A 300g lead is heated to 95celsius and is then dropped into 100g of water at 10celsius. If the final temperature is 15celsius. What is the specific heat of the lead?
To find the specific heat of lead, we can use the principle of heat transfer. The heat gained by the lead is equal to the heat lost by the water. The formula for heat transfer is:
Q = m * c * ΔT
Where:
Q = heat transferred (in Joules)
m = mass (in kilograms)
c = specific heat capacity (in Joules per kilogram per degree Celsius)
ΔT = change in temperature (in degrees Celsius)

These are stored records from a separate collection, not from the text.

lemma card_le_2_obtain_pair:
  assumes "D \<noteq> {}" "card D \<le> 2" "finite D"
  obtains x y where "D = {x, y}"
proof -
  have "0 < card D" using assms(1,3) by (simp add: card_gt_0_iff)
  then have "card D = 1 \<or> card D = 2" using assms(2) by linarith
  then show ?thesis
  proof
    assume "card D = 1"
    then obtain x where "D = {x}" by (auto simp: card_1_singleton_iff)
    then show ?thesis using that[of x x] by simp
  next
    assume "card D = 2"
    then show ?thesis using that by (auto simp: card_2_iff)
  qed
qed

lemma berge_copy_mono: "berge_copy E H \<Longrightarrow> H \<subseteq> H' \<Longrightarrow> berge_copy E H'"
  unfolding berge_copy_def by blast

lemma berge_copy_of_large_sets:
  assumes G: "is_graph E" and deg: "\<forall>v. gdegree E v \<le> 2"
    and U: "finite U" and HU: "H \<subseteq> Pow U"
    and large: "\<And>A. A \<in> H \<Longrightarrow> card U + 2 * card E \<le> 2 * card A"
    and many: "card E \<le> card H"
  shows "berge_copy E H"
proof -
  obtain H' where H': "H' \<subseteq> H" "card H' = card E"
    using obtain_subset_with_card_n[OF many] by blast
  have "finite H'" using H' HU U by (meson finite_Pow_iff finite_subset)
  then obtain psi where psi: "bij_betw psi E H'"
    using finite_same_card_bij G H'(2) unfolding is_graph_def by metis
  have psiH: "psi e \<in> H" if "e \<in> E" for e using psi H'(1) that by (auto simp: bij_betw_def)
  define S where "S v = U \<inter> \<Inter> (psi ` {e\<in>E. v \<in> e})" for v
  have "finite (S v) \<and> card (gverts E) \<le> card (S v)" if v: "v \<in> gverts E" for v
  proof -
    have "{e\<in>E. v \<in> e} \<noteq> {}" "card {e\<in>E. v \<in> e} \<le> 2" "finite {e\<in>E. v \<in> e}"
      using v deg G unfolding gverts_def gdegree_def is_graph_def by auto
    then obtain e1 e2 where D: "{e\<in>E. v \<in> e} = {e1, e2}"
      by (rule card_le_2_obtain_pair)
    then have e: "e1 \<in> E" "e2 \<in> E" by auto
    then have psiU: "psi e1 \<subseteq> U" "psi e2 \<subseteq> U" using psiH HU by auto
    then have "S v = psi e1 \<inter> psi e2" using D unfolding S_def by auto
    then have "card (psi e1) + card (psi e2) \<le> card U + card (S v)"
      using card_add_le_card_Int[OF U psiU] by simp
    then have "2 * card E \<le> card (S v)"
      using large[OF psiH[OF e(1)]] large[OF psiH[OF e(2)]] by linarith
    then show ?thesis using U card_vertices_le[OF G] unfolding S_def by auto
  qed
  then obtain phi where phi: "inj_on phi (gverts E)" "\<forall>v\<in>gverts E. phi v \<in> S v"
    using inj_on_choice_from_large_sets[OF finite_vertices[OF G]] by blast
  have "phi ` e \<subseteq> psi e" if "e \<in> E" for e
    using phi(2) that unfolding S_def gverts_def by blast
  moreover have "inj_on psi E" using psi by (simp add: bij_betw_def)
  ultimately show ?thesis
    unfolding berge_copy_def using phi(1) psiH by blast
qed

First, let's calculate the heat gained by the lead. Given:
Mass of lead, m_lead = 300g = 0.3kg
Initial temperature of lead, T_lead_initial = 95°C
Final temperature of lead and water, T_final = 15°C
Change in temperature for lead, ΔT_lead = T_final - T_lead_initial = 15°C - 95°C = -80°C
Now, let's calculate the heat lost by the water. Given:
Mass of water, m_water = 100g = 0.1kg
Initial temperature of water, T_water_initial = 10°C
Change in temperature for water, ΔT_water = T_final - T_water_initial = 15°C - 10°C = 5°C
Since the heat gained by the lead is equal to the heat lost by the water, we can set up the equation:
m_lead * c_lead * ΔT_lead = m_water * c_water * ΔT_water
Substituting the given values:
0.3kg * c_lead * (-80°C) = 0.1kg * c_water * 5°C
We know that the specific heat capacity of water is approximately 4186 J/(kg·°C). Now we need to solve for the specific heat capacity of lead, c_lead.
0.3kg * c_lead * (-80°C) = 0.1kg * 4186 J/(kg·°C) * 5°C
Rearranging the equation to solve for c_lead:
c_lead = (0.1kg * 4186 J/(kg·°C) * 5°C) / (0.3kg * -80°C)
c_lead ≈ -139.5 J/(kg·°C)
Therefore, the specific heat of lead is approximately -139.5 J/(kg·°C).
Note: The negative sign indicates that lead loses heat while heating, rather than gaining it, which is consistent with our calculation result.